2.3 A VOZ DO CORPO E O CORPO DA VOZ NO TEATRO DE RUA

Em meio as suas reflexões sobre a expressão corporal e a conduta vocal dos atores com quem trabalhou, Grotowski (2007, p. 143) faz a seguinte observação: “Os atores têm problemas e as pessoas comuns não têm. Os camponeses cantam também quando está frio ou quando chove, em campo aberto, até mesmo quando é fácil forçar a voz, cantam e não têm problemas”. Também faço essa observação quando correlaciono o trabalho dos atores que atuam no teatro de rua, com o comportamento vocal dos jongueiros, que cantam, tocam e dançam por várias horas sem apresentar qualquer indicio de fadiga vocal.

Em meio à investigação do trabalho dos atores que atuam no teatro de rua, essa questão tem se apresentado como uma indagação sobre a qual tenho suspeitas, mas não possuo, ainda, uma resposta satisfatória que possa ser apresentada. Por isso, continuo buscando respostas e olhando com admiração para os dançadores e para os cantores que, em diferentes práticas populares regionais, dançam e cantam por horas e horas sem apresentar fadiga, rouquidão ou afonia. Esses dançadores e cantores populares apresentam qualidades corporais que, a meu ver, podem servir como valiosas referências para o trabalho dos atores que atuam no teatro de rua.

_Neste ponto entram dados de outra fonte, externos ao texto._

lemma in_EK_gbr: "in_EK av a \<Longrightarrow> in_EK av (gbr av a k)"
  by (induction k) (simp_all add: in_EK_lone in_EK_add in_EK_lderiv in_EK_lmult in_EK_ldivT)

subsection \<open>Supermultiplicativity of the Gauss norm\<close>

lemma av_lmult_at_weighted_maxima:
  fixes N :: int and I J :: nat
  assumes f: "in_EK av f" and b: "in_EK av b" and "0 < r"
    and I: "\<And>i. av (f (N + int i)) * r ^ i \<le> av (f (N + int I)) * r ^ I"
      "\<And>i. i < I \<Longrightarrow> av (f (N + int i)) * r ^ i < av (f (N + int I)) * r ^ I"
    and J: "\<And>j. av (b (N + int j)) * r ^ j \<le> av (b (N + int J)) * r ^ J"
      "\<And>j. j < J \<Longrightarrow> av (b (N + int j)) * r ^ j < av (b (N + int J)) * r ^ J"
    and pos: "0 < av (f (N + int I))" "0 < av (b (N + int J))"
    and tail_f: "\<And>i. i < N \<Longrightarrow> av (f i) * gauss_norm av b < av (f (N + int I)) * av (b (N + int J))"
    and tail_b: "\<And>j. j < N \<Longrightarrow> gauss_norm av f * av (b j) < av (f (N + int I)) * av (b (N + int J))"
  shows "av (lmult av f b (2 * N + int I + int J)) = av (f (N + int I)) * av (b (N + int J))"
proof -
  define n where "n = 2 * N + int I + int J"
  define c where "c i = f i * b (n - i)" for i
  define u v where "u i = av (f (N + int i))" and "v j = av (b (N + int j))" for i j
  have c_shift: "av (c (N + int i)) = u i * v j" if "i + j = I + J" for i j
  proof -
    have "n - (N + int i) = N + int j"
      using that unfolding n_def by linarith
    then show ?thesis
      unfolding c_def u_def v_def by (simp only: av_mult)
  qed
  have "av (c i) < av (c (N + int I))" if "i \<noteq> N + int I" for i
  proof -
    consider "i < N" | "n - i < N" | "N \<le> i" "N \<le> n - i"
      by linarith
    then show ?thesis
    proof cases
      case 1
      have "av (c i) \<le> av (f i) * gauss_norm av b"
        unfolding c_def using gauss_norm_ge_coeff[OF b] by (simp add: mult_left_mono)
      then show ?thesis
        using tail_f[OF 1] c_shift[OF refl] unfolding u_def v_def by linarith
    next
      case 2
      have "av (c i) \<le> gauss_norm av f * av (b (n - i))"
        unfolding c_def using gauss_norm_ge_coeff[OF f] by (simp add: mult_right_mono)
      then show ?thesis
        using tail_b[OF 2] c_shift[OF refl] unfolding u_def v_def by linarith
    next
      case 3
      define i' j' where "i' = nat (i - N)" and "j' = nat (n - i - N)"
      have "i' + j' = I + J" "i = N + int i'"
        using 3 unfolding i'_def j'_def n_def by linarith+
      moreover have "i' \<noteq> I"
        using that \<open>i = N + int i'\<close> by auto
      ultimately have "(u i' * r ^ i') * (v j' * r ^ j') < (u I * r ^ I) * (v J * r ^ J)"
        using I J pos \<open>0 < r\<close>
        by (intro mult_first_max_less[where w = "\<lambda>i. u i * r ^ i" and w' = "\<lambda>j. v j * r ^ j"])
          (simp_all add: u_def v_def)
      moreover have "av (c i) * r ^ (I + J) = (u i' * r ^ i') * (v j' * r ^ j')"
        unfolding \<open>i = N + int i'\<close> c_shift[OF \<open>i' + j' = I + J\<close>] \<open>i' + j' = I + J\<close>[symmetric] power_add
        by (simp add: algebra_simps)
      moreover have "av (c (N + int I)) * r ^ (I + J) = (u I * r ^ I) * (v J * r ^ J)"
        unfolding c_shift[OF refl] power_add by (simp add: algebra_simps)
      ultimately have "av (c i) * r ^ (I + J) < av (c (N + int I)) * r ^ (I + J)"
        by simp
      then show ?thesis
        using \<open>0 < r\<close> by simp
    qed
  qed
  then have "av (lmult av f b n) = av (c (N + int I))"
    unfolding lmult_def c_def
    by (intro av_sum_dominant_term null_at_infinity_lmult_terms[OF f b]) simp
  then show ?thesis
    using c_shift[OF refl] unfolding n_def u_def v_def by simp
qed
(* Let $\mathcal{G}$ and $\mathcal{H}$ be groupoids (not necessarily finite) and let $\phi,\psi\colon\widetilde{S}(\mathcal{G})\to\widetilde{S}(\mathcal{H})$ be morphisms of quasi-schemoids. Then $\phi\simeq\psi$ if and only if there exists a homotopy $\phi\Rightarrow\psi$.
   Context: For a groupoid $\mathcal{H}$, the quasi-schemoid $\widetilde{S}(\mathcal{H})=(\widetilde{\mathcal{H}},S)$ has $ob(\widetilde{\mathcal{H}})=mor(\mathcal{H})$, $\mathrm{Hom}_{\widetilde{\mathcal{H}}}(g,h)=\{(h,g)\}$ if $t(h)=t(g)$ and empty otherwise (composition $(k,h)\circ(h,g)=(k,g)$), and partition $S=\{\mathcal{G}_f\}_{f\in mor(\mathcal{H})}$ with $\mathcal{G}_f=\{(k,l)\mid k^{-1}l=f\}$. A morphism of quasi-schemoids is a functor sending each block of the source partition into some block of the target partition. Product: $(\mathcal{C},S)\times(\mathcal{E},S')=(\mathcal{C}\times\mathcal{E},\{\sigma\times\tau\})$. $[1]$ has objects $0,1$ and one non-identity morphism $0\to1$; $I=([1],\{\{f\}\}_f)$. A homotopy $H\colon F\Rightarrow G$ is a morphism $H\colon(\mathcal{C},S)\times I\to(\mathcal{D},S')$ with $H\circ\varepsilon_0=F$, $H\circ\varepsilon_1=G$ ($\varepsilon_i(a)=(a,i)$, $\varepsilon_i(f)=(f,1_i)$). $F\sim G$ means there is a homotopy $F\Rightarrow G$ or $G\Rightarrow F$; $F\simeq G$ means there is a finite chain $F=F_0\sim F_1\sim\cdots\sim F_n=G$. *)

theory Defs
  imports Main
begin

record ('o, 'm) cat =
  Ob   :: "'o set"
  Mor  :: "'m set"
  Dom  :: "'m \<Rightarrow> 'o"
  Cod  :: "'m \<Rightarrow> 'o"
  Id   :: "'o \<Rightarrow> 'm"
  Comp :: "'m \<Rightarrow> 'm \<Rightarrow> 'm"   (* Comp C g f = g \<circ> f, defined when Cod f = Dom g *)

definition category :: "('o, 'm) cat \<Rightarrow> bool" where
  "category C \<longleftrightarrow>
     (\<forall>f\<in>Mor C. Dom C f \<in> Ob C \<and> Cod C f \<in> Ob C) \<and>
     (\<forall>a\<in>Ob C. Id C a \<in> Mor C \<and> Dom C (Id C a) = a \<and> Cod C (Id C a) = a) \<and>
     (\<forall>f\<in>Mor C. \<forall>g\<in>Mor C. Cod C f = Dom C g \<longrightarrow>
        Comp C g f \<in> Mor C \<and> Dom C (Comp C g f) = Dom C f \<and> Cod C (Comp C g f) = Cod C g) \<and>
     (\<forall>f\<in>Mor C. Comp C f (Id C (Dom C f)) = f \<and> Comp C (Id C (Cod C f)) f = f) \<and>
     (\<forall>f\<in>Mor C. \<forall>g\<in>Mor C. \<forall>h\<in>Mor C. Cod C f = Dom C g \<longrightarrow> Cod C g = Dom C h \<longrightarrow>
        Comp C h (Comp C g f) = Comp C (Comp C h g) f)"

definition is_inverse :: "('o, 'm) cat \<Rightarrow> 'm \<Rightarrow> 'm \<Rightarrow> bool" where
  "is_inverse C f g \<longleftrightarrow> g \<in> Mor C \<and> Dom C g = Cod C f \<and> Cod C g = Dom C f \<and>
     Comp C g f = Id C (Dom C f) \<and> Comp C f g = Id C (Cod C f)"

definition groupoid :: "('o, 'm) cat \<Rightarrow> bool" where
  "groupoid C \<longleftrightarrow> category C \<and> (\<forall>f\<in>Mor C. \<exists>g. is_inverse C f g)"
(* Let $k\ge1$, $m_1,\dots,m_k\ge1$ integers, $s_1,\dots,s_k\in\{-1,1\}$, $w=m_1+\dots+m_k$, and let $\mathcal S(\zeta(m_1,\dots,m_k;s_1,\dots,s_k))$ denote the symbol defined in the context. (1) If at least one $m_i$ is different from $1$ and $(m_1,s_1)\neq(1,1)$, then $\mathcal S(\zeta(m_1,\dots,m_k;s_1,\dots,s_k))=0$. (2) For every $m\ge1$ and all $s_2,\dots,s_m\in\{-1,1\}$, $\mathcal S(\zeta(1,\dots,1;-1,s_2,\dots,s_m))=(1/2)^{\otimes m}$ $(=(-1)^m\,2^{\otimes m})$, i.e. it equals the symbol of $\frac{1}{m!}\ln^m\frac12$, so that $\mathcal S\big(\zeta(1,\dots,1;-1,s_2,\dots,s_m)-\frac1{m!}\ln^m\frac12\big)=0$.
   Context: Colored multiple zeta values: $\zeta(m_1,\dots,m_k;s_1,\dots,s_k)=\sum_{0<n_1<\dots<n_k}\frac{s_1^{n_1}\cdots s_k^{n_k}}{n_1^{m_1}\cdots n_k^{m_k}}$. Put $\hat s_j=\prod_{i\le j}s_i$. Symbol calculus over $\mathbb Q$: let $V=\mathbb Q^\times\otimes_{\mathbb Z}\mathbb Q$ (a $\mathbb Q$-vector space in which torsion, in particular $-1$, becomes $0$); for $f\in\mathbb Q^\times$ write $f$ also for its image in $V$, so e.g. $(1/2)=-2$ in $V$. Tensors are taken in $V^{\otimes n}$, multilinear in the multiplicative sense ($\cdots\otimes(fg)\otimes\cdots=\cdots\otimes f\otimes\cdots+\cdots\otimes g\otimes\cdots$), and any formal tensor one of whose factors is the number $0$ is interpreted as $0\in V^{\otimes n}$. For $x,y$ define $\mu(x,y)=1-y/x$ if $x\neq0$ and $\mu(0,y)=y$. For a tuple $(a_1,\dots,a_n)$, $n\ge2$ (the "decorated polygon" $P(a_1,\dots,a_n)$ with root decoration $a_n$, attached to the multiple polylogarithm $G(a_{n-1},\dots,a_1;a_n)$), define $\mathcal S(a_1,\dots,a_n)\in V^{\otimes(n-1)}$ recursively by $\mathcal S(a_1,a_2)=\mu(a_1,a_2)$ and, for $n\ge3$, $\mathcal S(a_1,\dots,a_n)=\sum_{i=1}^{n-1}\mathcal S(a_1,\dots,\widehat{a_i},\dots,a_n)\otimes\mu(a_i,a_{i+1})-\sum_{i=2}^{n-1}\mathcal S(a_1,\dots,\widehat{a_i},\dots,a_n)\otimes\mu(a_i,a_{i-1})$ (hat = omitted). The symbol of a colored MZV is defined as $\mathcal S(\zeta(m_1,\dots,m_k;s_1,\dots,s_k))=(-1)^w\,\mathcal S(\underbrace{0,\dots,0}_{m_k-1},\hat s_k,\underbrace{0,\dots,0}_{m_{k-1}-1},\hat s_{k-1},\dots,\underbrace{0,\dots,0}_{m_1-1},\hat s_1,1)$. The symbol of $\frac1{m!}\ln^m c$ is $c^{\otimes m}=c\otimes\cdots\otimes c$ ($m$ factors). *)

theory Defs
  imports Complex_Main "HOL-Computational_Algebra.Primes"
begin

text \<open>Model of V = Q^x (x) Q: via the p-adic valuations, V is identified with the
  Q-vector space with basis the primes (signs, in particular -1, become 0).
  An element of V^(x)n is represented by its coefficient function on
  lists of primes of length n (type nat list => rat); coefficients on other
  lists are 0.\<close>

definition vval :: "rat \<Rightarrow> nat \<Rightarrow> rat" where
  "vval q p = (if prime p \<and> q \<noteq> 0 then
      of_nat (multiplicity (int p) (fst (quotient_of q)))
      - of_nat (multiplicity (int p) (snd (quotient_of q))) else 0)"

definition tens :: "rat list \<Rightarrow> nat list \<Rightarrow> rat" where
  "tens fs ps = (if length ps = length fs
                 then (\<Prod>i<length fs. vval (fs ! i) (ps ! i)) else 0)"

definition tens_right :: "(nat list \<Rightarrow> rat) \<Rightarrow> rat \<Rightarrow> nat list \<Rightarrow> rat" where
  "tens_right T f ps = (if ps = [] then 0 else T (butlast ps) * vval f (last ps))"

definition mu :: "rat \<Rightarrow> rat \<Rightarrow> rat" where
  "mu x y = (if x \<noteq> 0 then 1 - y / x else y)"

definition remove_nth :: "nat \<Rightarrow> 'a list \<Rightarrow> 'a list" where
  "remove_nth i xs = take i xs @ drop (Suc i) xs"

text \<open>Symbol of the decorated polygon P(a_1,...,a_n) (list index 0-based);
  first argument is a fuel equal to the length of the list.\<close>
primrec symb_aux :: "nat \<Rightarrow> rat list \<Rightarrow> nat list \<Rightarrow> rat" where
  "symb_aux 0 as ps = 0"
| "symb_aux (Suc n) as ps =
     (if length as = 2 then tens [mu (as ! 0) (as ! 1)] ps
      else if length as \<ge> 3 then
        (\<Sum>i<length as - 1. tens_right (symb_aux n (remove_nth i as)) (mu (as ! i) (as ! Suc i)) ps)
        - (\<Sum>i\<in>{1..<length as - 1}. tens_right (symb_aux n (remove_nth i as)) (mu (as ! i) (as ! (i - 1))) ps)
      else 0)"

definition symb :: "rat list \<Rightarrow> nat list \<Rightarrow> rat" where
  "symb as = symb_aux (length as) as"

text \<open>Symbol of zeta(m_1,...,m_k; s_1,...,s_k), with ms = [m_1,...,m_k],
  ss = [s_1,...,s_k]; hat s_j = s_1 * ... * s_j.\<close>
definition zeta_word :: "nat list \<Rightarrow> rat list \<Rightarrow> rat list" where
  "zeta_word ms ss =
     concat (map (\<lambda>j. replicate (ms ! j - 1) 0 @ [prod_list (take (Suc j) ss)])
                 (rev [0..<length ms])) @ [1]"

definition zeta_symb :: "nat list \<Rightarrow> rat list \<Rightarrow> nat list \<Rightarrow> rat" where
  "zeta_symb ms ss = (\<lambda>ps. (-1) ^ sum_list ms * symb (zeta_word ms ss) ps)"

end

theory Submission
  imports Defs
begin

text \<open>All letters of these words are 0 or \<open>\<plusminus>1\<close>, so the only factors \<open>\<mu>(a, b)\<close> with
  nonzero image in \<open>V\<close> are \<open>\<mu>(\<plusminus>1, \<mp>1) = 2\<close>. If some \<open>m\<^sub>i \<ge> 2\<close> the word contains a 0;
  in each term of the recursion either the deleted vertex is 0, and then its factor is a letter
  of valuation zero, or it is not, and the smaller polygon still contains 0. By induction the
  symbol vanishes.

  For depth one the word consists of signs followed by \<open>-1, 1\<close>. Between signs \<open>\<mu>(a, b)\<close> and
  \<open>\<mu>(b, a)\<close> have the same image, so the recursion telescopes into differences of symbols of
  polygons with adjacent vertices deleted. Deleting a vertex before the final \<open>-1\<close> gives a
  shorter word of the same shape, whose symbol is a tensor power of 2 by induction; only the
  last two terms survive, and they combine to \<open>2\<^sup>\<otimes>\<^sup>m\<close>. The sign \<open>(-1)\<^sup>m\<close> turns this into
  \<open>(1/2)\<^sup>\<otimes>\<^sup>m\<close>.\<close>

lemma vval_zero [simp]: "vval 0 p = 0"
  by (simp add: vval_def)

lemma vval_one [simp]: "vval 1 p = 0"
  by (simp add: vval_def)

lemma vval_minus_one [simp]: "vval (-1) p = 0"
  by (simp add: vval_def multiplicity_unit_right)

lemma vval_half: "vval (1/2) p = - vval 2 p"
proof -
  have "quotient_of (Fract 1 2) = (1, 2)"
    by (simp add: quotient_of_Fract normalize_def)
  then have "quotient_of (1/2 :: rat) = (1, 2)"
    by (metis Fract_of_int_quotient of_int_1 of_int_numeral)
  then show ?thesis
    by (simp add: vval_def)
qed

lemma vval_mu_eq_0:
  assumes "x \<in> {0, 1, -1}" "y \<in> {0, 1, -1}" "x = 0 \<or> y = 0"
  shows "vval (mu x y) p = 0"
proof (cases "x = 0")
  case True
  with assms(2) show ?thesis
    by (auto simp: mu_def)
next
  case False
  with assms(3) show ?thesis
    by (simp add: mu_def)
qed

lemma vval_mu_commute_units:
  assumes "x \<in> {1, -1}" "y \<in> {1, -1}"
  shows "vval (mu x y) p = vval (mu y x) p"
  using assms by (auto simp: mu_def)

lemma tens_right_eq_0_if_vval_eq_0: "(\<And>p. vval f p = 0) \<Longrightarrow> tens_right T f ps = 0"
  by (simp add: tens_right_def)

lemma tens_right_zero [simp]: "tens_right (\<lambda>_. 0) f ps = 0"
  by (simp add: tens_right_def)

lemma tens_right_diff:
  "tens_right (\<lambda>q. A q - B q) f ps = tens_right A f ps - tens_right B f ps"
  by (simp add: tens_right_def algebra_simps)

lemma tens_right_vval_cong: "(\<And>p. vval f p = vval g p) \<Longrightarrow> tens_right T f = tens_right T g"
  by (simp add: tens_right_def fun_eq_iff)

lemma tens_snoc: "tens (fs @ [f]) = tens_right (tens fs) f"
proof
  fix ps
  show "tens (fs @ [f]) ps = tens_right (tens fs) f ps"
  proof (cases "length ps = Suc (length fs)")
    case True
    have "tens (fs @ [f]) ps = (\<Prod>i<length fs. vval ((fs @ [f]) ! i) (ps ! i)) * vval f (ps ! length fs)"
      using True by (simp add: tens_def nth_append)
    also have "(\<Prod>i<length fs. vval ((fs @ [f]) ! i) (ps ! i)) = tens fs (butlast ps)"
      using True by (auto simp: tens_def nth_append nth_butlast intro: prod.cong)
    also have "ps ! length fs = last ps"
      using True by (cases ps rule: rev_exhaust) (auto simp: nth_append)
    finally show ?thesis
      using True by (auto simp: tens_right_def)
  next
    case False
    then show ?thesis
      by (cases ps rule: rev_exhaust) (auto simp: tens_def tens_right_def)
  qed
qed

lemma tens_replicate_half: "tens (replicate m (1/2)) ps = (-1) ^ m * tens (replicate m 2) ps"
  by (simp add: tens_def vval_half prod_uminus)

lemma length_remove_nth: "i < length as \<Longrightarrow> length (remove_nth i as) = length as - 1"
  by (simp add: remove_nth_def)

lemma set_remove_nth_subset: "set (remove_nth i as) \<subseteq> set as"
  by (auto simp: remove_nth_def dest: in_set_takeD in_set_dropD)

lemma in_set_remove_nth:
  assumes "x \<in> set as" "x \<noteq> as ! i"
  shows "x \<in> set (remove_nth i as)"
proof (cases "i < length as")
  case True
  then have "as = take i as @ as ! i # drop (Suc i) as"
    by (rule id_take_nth_drop)
  then show ?thesis
    using assms by (simp add: remove_nth_def) (metis Un_iff insert_iff set_append set_simps(2))
next
  case False
  then show ?thesis
    using assms by (simp add: remove_nth_def)
qed

lemma remove_nth_append: "i < length xs \<Longrightarrow> remove_nth i (xs @ zs) = remove_nth i xs @ zs"
  by (simp add: remove_nth_def)

lemma remove_nth_length_append: "remove_nth (length xs) (xs @ z # zs) = xs @ zs"
  by (simp add: remove_nth_def)

lemma symb_length_le_1: "length as \<le> 1 \<Longrightarrow> symb as ps = 0"
  by (cases as) (auto simp: symb_def)

lemma symb_two: "symb [a, b] = tens [mu a b]"
  by (simp add: fun_eq_iff symb_def numeral_2_eq_2)

lemma symb_recursion:
  assumes "length as \<ge> 3"
  shows "symb as ps =
     (\<Sum>i<length as - 1. tens_right (symb (remove_nth i as)) (mu (as ! i) (as ! Suc i)) ps)
   - (\<Sum>i\<in>{1..<length as - 1}. tens_right (symb (remove_nth i as)) (mu (as ! i) (as ! (i - 1))) ps)"
proof -
  obtain n where n: "length as = Suc n"
    using assms by (cases "length as") auto
  have "symb (remove_nth i as) = symb_aux n (remove_nth i as)" if "i < length as" for i
    using n that by (simp add: symb_def length_remove_nth)
  then show ?thesis
    unfolding symb_def n using assms n
    by (auto simp: length_remove_nth intro!: arg_cong2 [where f = "(-)"] sum.cong)
qed
(* Let $n\ge2$ and let $\mathsf r=[r_1,\dots,r_{2n-2}]$ be a tree-like factorization of $\lambda_n$, written as $r_\ell=(\!(a_{\ell-1},a_\ell)\!)$ with integers $a_0<a_1<\dots<a_{2n-2}$. Let $k\in\{1,\dots,n-1\}$. Then: (i) if $r_\ell$ occurs strictly before $r^k_1$ or strictly after $r^k_2$ in the sequence, then $a_{\ell-1}\not\equiv k$ and $a_\ell\not\equiv k\pmod n$; (ii) if $r_\ell$ occurs strictly between $r^k_1$ and $r^k_2$, then $a_{\ell-1}\not\equiv \beta_k$ and $a_\ell\not\equiv\beta_k\pmod n$; (iii) $r_\ell=(\!(a_{\ell-1},a_\ell)\!)$ occurs strictly between $r^k_1$ and $r^k_2$ if and only if the reflection $(\!(a_\ell-n,a_{\ell-1})\!)$ also occurs in $\mathsf r$ strictly between $r^k_1$ and $r^k_2$.
   Context: The affine symmetric group $\widetilde S_n$ is the group, under composition $(vw)(k)=v(w(k))$, of bijections $w:\mathbb Z\to\mathbb Z$ with $w(i+n)=w(i)+n$ and $\sum_{i=1}^n w(i)=\binom{n+1}{2}$. For $i\not\equiv j\pmod n$, $(\!(i,j)\!)$ is the affine reflection interchanging $i+kn$ and $j+kn$ for all $k\in\mathbb Z$; $(\!(i,j)\!)=(\!(j,i)\!)=(\!(i+kn,j+kn)\!)$. Let $\lambda_n$ be the element with $\lambda_n(k)=k+n$ for $k\not\equiv0\pmod n$ and $\lambda_n(k)=k-n(n-1)$ for $k\equiv 0\pmod n$; its reflection length is $2n-2$. $\textsc{fact}(\lambda_n)$ is the set of sequences $[r_1,\dots,r_{2n-2}]$ of reflections with $r_1\cdots r_{2n-2}=\lambda_n$. Such a sequence is tree-like if one can write $r_k=(\!(a_{k-1},b_k)\!)$ with integers $a_{k-1}<b_k$ ($1\le k\le 2n-2$) and $a_k\equiv b_k\pmod n$ ($1\le k\le 2n-3$); equivalently there are integers $a_0<\dots<a_{2n-2}$ with $r_\ell=(\!(a_{\ell-1},a_\ell)\!)$. A reflection $r_\ell$ increases an integer $k$ if $r_\ell r_{\ell+1}\cdots r_{2n-2}(k)>r_{\ell+1}\cdots r_{2n-2}(k)$. For a tree-like $\mathsf r$ and $k\in\{1,\dots,n-1\}$, exactly two reflections of $\mathsf r$ increase $k$; $r^k_1$ denotes the earlier and $r^k_2$ the later of these two in the sequence. Each of them has exactly one endpoint congruent to $k$ modulo $n$, and the other endpoints of $r^k_1$ and $r^k_2$ are congruent to each other modulo $n$; $\beta_k$ denotes this common residue class modulo $n$. *)

theory Defs
  imports Main
begin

Norteado por essa perspectiva, assinalo que, ainda que os caminhos para o treinamento dos corpos dos atores sejam diferentes para a gestualidade e para a voz, as práticas de diferentes danças populares regionais podem auxiliar na promoção de uma equipolência entre a voz e a

gestualidade na atuação no teatro de rua. Colaborando com essa constatação Fortuna (2000, p. 127) diz: “Gestual, corpo e oralidade andam de mãos dadas, numa práxis única, tecendo juntos uma sinfonia sonora carregada de intenções que se desenvolvem entre os personagens, entre os atores, dos atores para os personagens, dos personagens para os atores”.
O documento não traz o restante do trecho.